The Costs of Owning a Pet Owl Is a Hooting Lot

The Costs of Owning a Pet Owl Is a Hooting Lot

In our last article, we discussed why just because it may be legal for you to own an owl in your area does not mean it is a practical decision to get an owl as a pet. While these mysterious birds look like interesting exotic pets to keep, you have to remember that these are nocturnal birds of prey that can be aggressive and high-maintenance.

Now, here’s another reason why owning a pet owl is impractical: the cost of raising a pet owl is very high. If you feel like you can do the research and have the time and means to provide for your owl, then here’s what you need to know you’ll be spending on.

Owl Food

Owls are one of the few predator birds in the wild. This means that owls feed on other animals, depending on their species. Smaller species like the screech owl feed on insects, while bigger ones like barn owls feed on small mammals like rats, amphibians, reptiles, and other smaller birds. The biggest types of owls (like the Eurasian eagle-owl) can even consume young foxes, rabbits, and ducks. In some parts of the world, some owls may even have special ways of hunting, such as fishing owls that know how to pluck their fish prey from the water. However, when owls are hungry, they’ll eat any animal they can prey on.

So, when owning a pet owl, you can’t just go to your local pet store and buy the same birdseed for parrots and other omnivorous birds. For live feed, you can buy mice, hamsters, and other rodents in pet stores for around $5 to $20 depending on the size and breed. Considering that owls eat up to 4 ounces of food in a day and an average mouse weighs an ounce, you’ll have to spend around $20 to $80 on their food in one day.

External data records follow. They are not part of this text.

(* Let $0\le m\le n\le l$ with $n\ge1$, and let $([m],v,e),([n],w,f)$ be graphs with attributes in $\mathcal X,\mathcal Y$. Extend $([n],w,f)$ to $([l],w,f)$ by $w_i=x'_*$, $f_{ii}=y_0$ for $n+1\le i\le l$ and $f_{ii'}=y'_*$ whenever $\max\{i,i'\}\ge n+1$, $i\ne i'$. Then, computing GOSPA1 in the extended spaces $\mathcal X\cup\{x_*,x'_*\}$, $\mathcal Y\cup\{y_*,y'_*\}$ with the same $p$, $C_1$ and $C_{\mathcal Y}$, $$d_{\mathbb G,R_1}(([m],v,e),([n],w,f))\le d_{\mathbb G,R_1}(([m],v,e),([l],w,f)).$$
   Context: $(\mathcal X,d_{\mathcal X})$, $(\mathcal Y,d_{\mathcal Y})$ are pseudometric spaces with $\mathrm{diam}(\mathcal X)\le C_{\mathcal X}$, $\mathrm{diam}(\mathcal Y)\le C_{\mathcal Y}$, $y_0\in\mathcal Y$ a distinguished "no edge" element, $p\ge1$, $C_1^p\ge C_{\mathcal X}^p+\frac12C_{\mathcal Y}^p$. New points $x_*,x'_*$ are adjoined to $\mathcal X$ with $d_{\mathcal X}(x_*,x)^p=d_{\mathcal X}(x'_*,x)^p=d_{\mathcal X}(x_*,x'_* )^p=C_1^p-\frac12C_{\mathcal Y}^p$ for all $x\in\mathcal X$ (symmetric, zero self-distances), and $y_*,y'_*$ to $\mathcal Y$ with $d_{\mathcal Y}(y_*,y)=d_{\mathcal Y}(y'_*,y)=d_{\mathcal Y}(y_*,y'_* )=C_{\mathcal Y}$ for $y\in\mathcal Y$. A graph $([n],v,e)$ has vertex map $v$ into the (extended) vertex space and symmetric edge map $e$ into the (extended) edge space with $e_{ii}=y_0$; $S_n$ is the set of permutations of $[n]=\{1,\dots,n\}$. GOSPA1 distance (order $p$, penalty $C_1$): for graphs with $n\ge\max\{m,1\}$, with $0/0:=0$, $$d_{\mathbb G,R_1}(([m],v,e),([n],w,f))=n^{-1/p}\min_{\pi\in S_n}\Big[(n-m)C_1^p+\sum_{i\in[m]}d_{\mathcal X}(v_i,w_{\pi(i)})^p+\frac{1}{2(n-1)}\sum_{i\in[m]}\Big(\sum_{i'\in[m]}d_{\mathcal Y}(e_{ii'},f_{\pi(i)\pi(i')})^p+(n-m)C_{\mathcal Y}^p\Big)\Big]^{1/p}.$$ *)

theory Defs
  imports Complex_Main "HOL-Combinatorics.Permutations"
begin

definition pseudometric :: "('a \<Rightarrow> 'a \<Rightarrow> real) \<Rightarrow> bool" where
  "pseudometric d \<longleftrightarrow> (\<forall>x. d x x = 0) \<and> (\<forall>x y. d x y = d y x) \<and>
     (\<forall>x y z. d x z \<le> d x y + d y z)"

text \<open>Extension of a space by two new points \<open>Star\<close> (x_*) and \<open>Star'\<close> (x'_*).\<close>
datatype 'a ext = Orig 'a | Star | Star'

fun ext_dist :: "('a \<Rightarrow> 'a \<Rightarrow> real) \<Rightarrow> real \<Rightarrow> 'a ext \<Rightarrow> 'a ext \<Rightarrow> real" where
  "ext_dist d c (Orig x) (Orig y) = d x y"
| "ext_dist d c a b = (if a = b then 0 else c)"

text \<open>Graph \<open>([n],v,e)\<close>: vertex map v, symmetric edge map e with e_ii = y0.\<close>
definition is_graph :: "'y \<Rightarrow> nat \<Rightarrow> (nat \<Rightarrow> nat \<Rightarrow> 'y) \<Rightarrow> bool" where
  "is_graph y0 n e \<longleftrightarrow> (\<forall>i\<in>{1..n}. e i i = y0) \<and>
     (\<forall>i\<in>{1..n}. \<forall>i'\<in>{1..n}. e i i' = e i' i)"

definition gospa1_cost ::
  "('x \<Rightarrow> 'x \<Rightarrow> real) \<Rightarrow> ('y \<Rightarrow> 'y \<Rightarrow> real) \<Rightarrow> real \<Rightarrow> real \<Rightarrow> real \<Rightarrow>
   nat \<Rightarrow> (nat \<Rightarrow> 'x) \<Rightarrow> (nat \<Rightarrow> nat \<Rightarrow> 'y) \<Rightarrow>
   nat \<Rightarrow> (nat \<Rightarrow> 'x) \<Rightarrow> (nat \<Rightarrow> nat \<Rightarrow> 'y) \<Rightarrow> (nat \<Rightarrow> nat) \<Rightarrow> real" where
  "gospa1_cost dX dY p C1 CY m v e n w f \<pi> =
     real (n - m) * C1 powr p
     + (\<Sum>i\<in>{1..m}. dX (v i) (w (\<pi> i)) powr p)
     + (\<Sum>i\<in>{1..m}. (\<Sum>i'\<in>{1..m}. dY (e i i') (f (\<pi> i) (\<pi> i')) powr p)
                      + real (n - m) * CY powr p) / (2 * (real n - 1))"
(* For every integer $t$, \[ \sum_{n=1}^\infty\binom{2n}{n}\frac{O_n}{8^n}L_{n+t}=\sqrt2\,L_{t+1}\ln\alpha+\frac{\sqrt{10}\,\ln2}{2}F_{t+1},\qquad \sum_{n=1}^\infty\binom{2n}{n}\frac{O_n}{8^n}F_{n+t}=\sqrt2\,F_{t+1}\ln\alpha+\frac{\ln2}{\sqrt{10}}L_{t+1}, \] and, more generally, for every gibonacci sequence $(G_j)=(G_j(a,b))$, \[ \sum_{n=1}^\infty\binom{2n}{n}\frac{O_n}{8^n}G_{n+t}=\sqrt2\,G_{t+1}\ln\alpha+\frac{\ln2}{\sqrt{10}}\bigl(G_{t+2}+G_t\bigr). \]
   Context: $O_n=\sum_{j=1}^n\frac1{2j-1}$. $F_n$ and $L_n$ are the Fibonacci and Lucas numbers ($F_0=0,F_1=1$, $L_0=2,L_1=1$, $u_n=u_{n-1}+u_{n-2}$), extended to all integers by the recurrence. $\alpha=(1+\sqrt5)/2$, $\beta=-1/\alpha$, so $F_n=(\alpha^n-\beta^n)/(\alpha-\beta)$, $L_n=\alpha^n+\beta^n$. For numbers $a,b$ not both zero, the gibonacci sequence $G_j=G_j(a,b)$ is defined by $G_0=a$, $G_1=b$, $G_j=G_{j-1}+G_{j-2}$, extended to negative indices by $G_{-j}=G_{-(j-2)}-G_{-(j-1)}$; equivalently $G_j=\frac{(b-a\beta)\alpha^j+(a\alpha-b)\beta^j}{\alpha-\beta}$. *)

theory Defs
  imports Complex_Main
begin

definition odd_harm :: "nat \<Rightarrow> real" where
  "odd_harm n = (\<Sum>j=1..n. 1 / (2 * real j - 1))"

definition gr_alpha :: real where "gr_alpha = (1 + sqrt 5) / 2"

fun gib_pos :: "real \<Rightarrow> real \<Rightarrow> nat \<Rightarrow> real" where
  "gib_pos a b 0 = a"
| "gib_pos a b (Suc 0) = b"
| "gib_pos a b (Suc (Suc n)) = gib_pos a b (Suc n) + gib_pos a b n"

fun gib_neg :: "real \<Rightarrow> real \<Rightarrow> nat \<Rightarrow> real" where
  "gib_neg a b 0 = a"
| "gib_neg a b (Suc 0) = b - a"
| "gib_neg a b (Suc (Suc n)) = gib_neg a b n - gib_neg a b (Suc n)"

definition gib :: "real \<Rightarrow> real \<Rightarrow> int \<Rightarrow> real" where
  "gib a b k = (if 0 \<le> k then gib_pos a b (nat k) else gib_neg a b (nat (- k)))"

definition Fibz :: "int \<Rightarrow> real" where "Fibz = gib 0 1"
definition Lucz :: "int \<Rightarrow> real" where "Lucz = gib 2 1"

end

theory Submission
  imports Defs "HOL-Analysis.Generalised_Binomial_Theorem"
begin

(* By Binet's formula G_j = A alpha^j + B beta^j, the series splits into the generating
   function f(x) = sum_n C(2n,n) O_n x^n evaluated at x = alpha/8 and x = beta/8.
   f is the Cauchy product of sum_n C(2n,n) x^n = (1 - 4x)^(-1/2) and
   sum_n 4^n x^n / (2n) = -ln(1 - 4x) / 2, hence f(x) = -ln(1 - 4x) / (2 sqrt(1 - 4x)); the
   coefficient identity holds because both sides satisfy the same first-order recurrence.
   For a root r of r^2 = r + 1 one has 1 - r/2 = 1/(2 r^2), so f(r/8) is explicit in |r| and ln |r|.
   Finally the ln 2 terms combine through G_(t+2) + G_t = sqrt 5 (A alpha^(t+1) - B beta^(t+1)). *)

definition gr_beta :: real where "gr_beta = (1 - sqrt 5) / 2"

lemma gr_alpha_sq: "gr_alpha * gr_alpha = gr_alpha + 1"
  and gr_beta_sq: "gr_beta * gr_beta = gr_beta + 1"
  and gr_alpha_times_beta: "gr_alpha * gr_beta = -1"
  and gr_alpha_minus_beta: "gr_alpha - gr_beta = sqrt 5"
  unfolding gr_alpha_def gr_beta_def by (simp_all add: field_simps)

lemma gr_alpha_gt_1: "1 < gr_alpha"
  unfolding gr_alpha_def by (simp add: real_less_rsqrt)

lemma gr_alpha_less_2: "gr_alpha < 2"
  unfolding gr_alpha_def using real_less_lsqrt [of 3 5] by simp

lemma gr_beta_eq: "gr_beta = - inverse gr_alpha"
  using gr_alpha_times_beta gr_alpha_gt_1 by (simp add: field_simps)

lemma abs_gr_beta_less_1: "\<bar>gr_beta\<bar> < 1"
  using gr_alpha_gt_1 by (simp add: gr_beta_eq inverse_less_1_iff)

lemma golden_power_Suc_Suc:
  fixes r :: real
  assumes "r * r = r + 1"
  shows "r ^ Suc (Suc n) = r ^ Suc n + r ^ n"
proof -
  have "r ^ Suc (Suc n) = (r * r) * r ^ n" by simp
  then show ?thesis using assms by (simp add: algebra_simps)
qed

lemma golden_minus_power_Suc_Suc:
  fixes r :: real
  assumes "r * r = r + 1"
  shows "(- r) ^ Suc (Suc n) = (- r) ^ n - (- r) ^ Suc n"
proof -
  have "(- r) ^ Suc (Suc n) = (r * r) * (- r) ^ n" by simp
  then show ?thesis using assms by (simp add: algebra_simps)
qed

definition golden_binet :: "real \<Rightarrow> real \<Rightarrow> int \<Rightarrow> real" where
  "golden_binet A B k = A * gr_alpha powi k + B * gr_beta powi k"

lemma gib_pos_binet:
  "gib_pos a b n = ((b - a * gr_beta) * gr_alpha ^ n + (a * gr_alpha - b) * gr_beta ^ n) / sqrt 5"
proof (induction a b n rule: gib_pos.induct)
  case (3 a b n)
  then show ?case
    by (simp only: gib_pos.simps golden_power_Suc_Suc[OF gr_alpha_sq] golden_power_Suc_Suc[OF gr_beta_sq])
      (simp add: field_simps)
qed (simp_all add: gr_alpha_def gr_beta_def field_simps)

lemma gib_neg_binet:
  "gib_neg a b n = ((b - a * gr_beta) * (- gr_beta) ^ n + (a * gr_alpha - b) * (- gr_alpha) ^ n) / sqrt 5"
proof (induction a b n rule: gib_neg.induct)
  case (3 a b n)
  then show ?case
    by (simp only: gib_neg.simps golden_minus_power_Suc_Suc[OF gr_alpha_sq]
        golden_minus_power_Suc_Suc[OF gr_beta_sq])
      (simp add: field_simps)
qed (simp_all add: gr_alpha_def gr_beta_def field_simps)

lemma gib_eq_golden_binet:
  "gib a b = golden_binet ((b - a * gr_beta) / sqrt 5) ((a * gr_alpha - b) / sqrt 5)"
proof
  fix k :: int
  have inverse_alpha: "inverse gr_alpha = - gr_beta" and inverse_beta: "inverse gr_beta = - gr_alpha"
    using gr_alpha_times_beta by (auto intro: inverse_unique simp: mult.commute)
  show "gib a b k = golden_binet ((b - a * gr_beta) / sqrt 5) ((a * gr_alpha - b) / sqrt 5) k"
  proof (cases "0 \<le> k")
    case True
    then obtain n where "k = int n" by (metis nonneg_eq_int)
    then show ?thesis
      by (simp add: gib_def golden_binet_def gib_pos_binet add_divide_distrib)
  next
    case False
    then obtain n where "k = - int n" and "n > 0" by (metis neg_int_cases not_le)
    then show ?thesis
      by (simp add: gib_def golden_binet_def gib_neg_binet add_divide_distrib power_int_minus
          flip: power_inverse inverse_alpha inverse_beta)
  qed
qed

lemma golden_binet_add_two:
  "golden_binet A B (k + 2) + golden_binet A B k = sqrt 5 * golden_binet A (- B) (k + 1)"
proof -
  have "gr_alpha \<noteq> 0" "gr_beta \<noteq> 0"
    using gr_alpha_times_beta by auto
  then have "gr_alpha powi (k + 2) = gr_alpha powi k * (gr_alpha * gr_alpha)"
    "gr_alpha powi (k + 1) = gr_alpha powi k * gr_alpha"
    "gr_beta powi (k + 2) = gr_beta powi k * (gr_beta * gr_beta)"
    "gr_beta powi (k + 1) = gr_beta powi k * gr_beta"
    by (simp_all add: power_int_add power2_eq_square)
  then show ?thesis
    unfolding golden_binet_def
    using gr_alpha_sq gr_beta_sq gr_alpha_times_beta gr_alpha_minus_beta by algebra
qed

lemma Lucz_eq_golden_binet: "Lucz = golden_binet 1 1"
proof -
  have "(1 - 2 * gr_beta) / sqrt 5 = 1" "(2 * gr_alpha - 1) / sqrt 5 = 1"
    by (simp_all add: gr_alpha_def gr_beta_def field_simps)
  then show ?thesis
    unfolding Lucz_def gib_eq_golden_binet by (simp only:)
qed

lemma Fibz_eq_golden_binet: "Fibz = golden_binet (1 / sqrt 5) (- 1 / sqrt 5)"
  by (simp add: Fibz_def gib_eq_golden_binet)

lemma Lucz_add_two: "Lucz (k + 2) + Lucz k = 5 * Fibz (k + 1)"
  unfolding Lucz_eq_golden_binet Fibz_eq_golden_binet golden_binet_add_two
  by (simp add: golden_binet_def field_simps)

lemma Fibz_add_two: "Fibz (k + 2) + Fibz k = Lucz (k + 1)"
  unfolding Lucz_eq_golden_binet Fibz_eq_golden_binet golden_binet_add_two
  by (simp add: golden_binet_def field_simps)

lemma central_binomial_Suc:
  "real (Suc n) * real (2 * Suc n choose Suc n) = (4 * real n + 2) * real (2 * n choose n)"
proof -
  have "Suc n * (2 * Suc n choose Suc n) = 2 * (Suc n * (Suc (2 * n) choose n))"
    using Suc_times_binomial[of n "Suc (2 * n)"] by simp
  also have "Suc n * (Suc (2 * n) choose n) = Suc (2 * n) * (2 * n choose n)"
    using Suc_times_binomial[of n "2 * n"] binomial_symmetric[of n "Suc (2 * n)"] by simp
  finally have "Suc n * (2 * Suc n choose Suc n) = (4 * n + 2) * (2 * n choose n)"
    by simp
  then show ?thesis
    by (metis of_nat_mult of_nat_add of_nat_numeral)
qed

lemma gbinomial_minus_half:
  "((- 1 / 2 :: real) gchoose n) * (- 4) ^ n = real (2 * n choose n)"
proof (induction n)
  case (Suc n)
  have "real (Suc n) * ((- 1 / 2 :: real) gchoose Suc n) = (- 1 / 2 - real n) * ((- 1 / 2) gchoose n)"
    by (simp only: gbinomial_absorption gbinomial_absorb_comp)
  then have "real (Suc n) * (((- 1 / 2 :: real) gchoose Suc n) * (- 4) ^ Suc n)
      = ((- 1 / 2 - real n) * ((- 1 / 2) gchoose n)) * (- 4) ^ Suc n"
    by (simp only: mult.assoc [symmetric])
  also have "\<dots> = (4 * real n + 2) * (((- 1 / 2) gchoose n) * (- 4) ^ n)"
    by (simp add: algebra_simps)
  also have "\<dots> = real (Suc n) * real (2 * Suc n choose Suc n)"
    by (simp only: Suc central_binomial_Suc)
  finally show ?case
    by (simp only: mult_cancel_left of_nat_eq_0_iff nat.distinct simp_thms)
qed simp

lemma central_binomial_sums:
  fixes x :: real
  assumes "\<bar>x\<bar> < 1 / 4"
  shows "(\<lambda>n. real (2 * n choose n) * x ^ n) sums (1 / sqrt (1 - 4 * x))"
proof -
  have "\<bar>- 4 * x\<bar> < 1" using assms by simp
  from gen_binomial_real[OF this, of "- 1 / 2"]
  have "(\<lambda>n. ((- 1 / 2) gchoose n) * (- 4) ^ n * x ^ n) sums (1 - 4 * x) powr (- 1 / 2)"
    unfolding power_mult_distrib mult.assoc by simp
  moreover have "(1 - 4 * x) powr (- 1 / 2) = 1 / sqrt (1 - 4 * x)"
    using assms by (simp add: powr_minus_divide powr_half_sqrt)
  ultimately show ?thesis
    by (simp only: gbinomial_minus_half)
qed

(* At n = 0 the coefficient is 1 / 0, which is 0 in Isabelle, as the logarithm has no constant term. *)
lemma log_series_4x:
  fixes x :: real
  assumes "\<bar>x\<bar> < 1 / 4"
  shows "(\<lambda>n. 4 ^ n / (2 * real n) * x ^ n) sums (- ln (1 - 4 * x) / 2)"
proof -
  have "\<bar>- 4 * x\<bar> < 1" using assms by simp
  from sums_mult[OF ln_series'[OF this], of "- 1 / 2"]
  show ?thesis
    by (simp add: power_mult_distrib)
qed

definition log_central_convolution :: "nat \<Rightarrow> real" where
  "log_central_convolution n = (\<Sum>i\<le>n. 4 ^ i / (2 * real i) * real (2 * (n - i) choose (n - i)))"

lemma log_coeff_weighted_sum_Suc:
  fixes f :: "nat \<Rightarrow> real"
  shows "(\<Sum>i\<le>Suc n. real i * (4 ^ i / (2 * real i)) * f (Suc n - i))
    = 4 * (\<Sum>i\<le>n. real i * (4 ^ i / (2 * real i)) * f (n - i)) + 2 * f n"
proof -
  have weight_Suc: "real (Suc i) * (4 ^ Suc i / (2 * real (Suc i)))
      = 4 * (real i * (4 ^ i / (2 * real i))) + (if i = 0 then 2 else 0)" for i :: nat
    by (cases "i = 0") (simp_all add: field_simps)
  have "(\<Sum>i\<le>Suc n. real i * (4 ^ i / (2 * real i)) * f (Suc n - i))
      = (\<Sum>i\<le>n. real (Suc i) * (4 ^ Suc i / (2 * real (Suc i))) * f (n - i))"
    by (subst sum.atMost_Suc_shift) simp
  also have "\<dots> = (\<Sum>i\<le>n. 4 * (real i * (4 ^ i / (2 * real i))) * f (n - i)
      + (if i = 0 then 2 * f (n - i) else 0))"
    by (intro sum.cong refl) (simp only: weight_Suc distrib_right, simp)
  finally show ?thesis
    by (simp add: sum.distrib sum_distrib_left mult.assoc)
qed

lemma log_central_convolution_Suc:
  "real (Suc n) * log_central_convolution (Suc n)
     = (4 * real n + 2) * log_central_convolution n + 2 * real (2 * n choose n)"
proof -
  define c where "c k = real (2 * k choose k)" for k
  define l :: "nat \<Rightarrow> real" where "l i = 4 ^ i / (2 * real i)" for i
  have conv: "log_central_convolution m = (\<Sum>i\<le>m. l i * c (m - i))" for m
    by (simp add: log_central_convolution_def l_def c_def)
  have c_Suc: "real (Suc k) * c (Suc k) = (4 * real k + 2) * c k" for k
    unfolding c_def by (rule central_binomial_Suc)
  have "real (Suc n) * log_central_convolution (Suc n)
      = (\<Sum>i\<le>Suc n. real i * l i * c (Suc n - i))
        + (\<Sum>i\<le>Suc n. l i * (real (Suc n - i) * c (Suc n - i)))"
    unfolding conv sum_distrib_left sum.distrib [symmetric]
    by (intro sum.cong refl) (auto simp: algebra_simps)
  also have "(\<Sum>i\<le>Suc n. real i * l i * c (Suc n - i))
      = 4 * (\<Sum>i\<le>n. real i * l i * c (n - i)) + 2 * c n"
    unfolding l_def by (rule log_coeff_weighted_sum_Suc)
  also have "(\<Sum>i\<le>Suc n. l i * (real (Suc n - i) * c (Suc n - i)))
      = (\<Sum>i\<le>n. l i * (real (Suc (n - i)) * c (Suc (n - i))))"
    by (auto simp: Suc_diff_le intro!: sum.cong)
  also have "\<dots> = (\<Sum>i\<le>n. l i * ((4 * (real n - real i) + 2) * c (n - i)))"
  proof (intro sum.cong refl)
    fix i assume "i \<in> {..n}"
    then show "l i * (real (Suc (n - i)) * c (Suc (n - i))) = l i * ((4 * (real n - real i) + 2) * c (n - i))"
      by (simp only: c_Suc) simp
  qed
  also have "4 * (\<Sum>i\<le>n. real i * l i * c (n - i)) + 2 * c n
      + (\<Sum>i\<le>n. l i * ((4 * (real n - real i) + 2) * c (n - i)))
      = (4 * real n + 2) * log_central_convolution n + 2 * c n"
    unfolding conv sum_distrib_left
    by (simp add: sum.distrib [symmetric] algebra_simps)
  finally show ?thesis
    by (simp add: c_def)
qed

lemma odd_harm_Suc: "odd_harm (Suc n) = odd_harm n + 1 / (2 * real n + 1)"
  unfolding odd_harm_def by simp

If this isn’t practical for you, you might want to consider buying frozen feeder rodents instead. These are rodents that have already been raised, slaughtered, cleaned, and frozen to serve as food for carnivorous pets. All you have to do is keep them in a freezer, thaw a rat, and feed it to your owl. Unlike buying live rodents, frozen rats come in bulk.

The price of a rat depends on its size. In this one online store, I found, a hundred pinky rats cost $75, while two XXXL rats cost $9 a bag. You just have to find which size is more practical to feed to your owl on a daily basis.

So, if a $29.80 bag of 20 small rats can weigh between 45 to 85 grams (1.6 to 3 ounces) and the median is 65 grams (2.3 ounces), then you’ll have to feed your owl two rats a day. So, that bag will last you 10 days, which means you’ll be spending almost $3 each day on food. Much more practical than live rodents, but the task of defrosting rats and then cleaning up its remains once your owl is done feeding requires a lot of effort.

 

Owl Permit

If you live in a state that allows owls, you might be required to have a permit. In states like Mississippi, for example, not only do you have to apply for a permit to legally own an exotic pet, but you also have to renew your permit every year. Depending on your state, this could be free or cost you a few tens of dollars a year in renewals and other miscellaneous fees.

 

Veterinary Costs & Health Exams

Your owl can contract or develop several diseases specifically for owls or for birds in general. While some conditions are natural and can disappear on its own after a while, for serious cases, you’ll need to see a veterinarian. A vet visit for a regular pet like a dog or cat can cost around $50 a visit, but for owls, you may need to see a specialized veterinarian, which can cost you around $250 per visit – and even more than that for emergency visits.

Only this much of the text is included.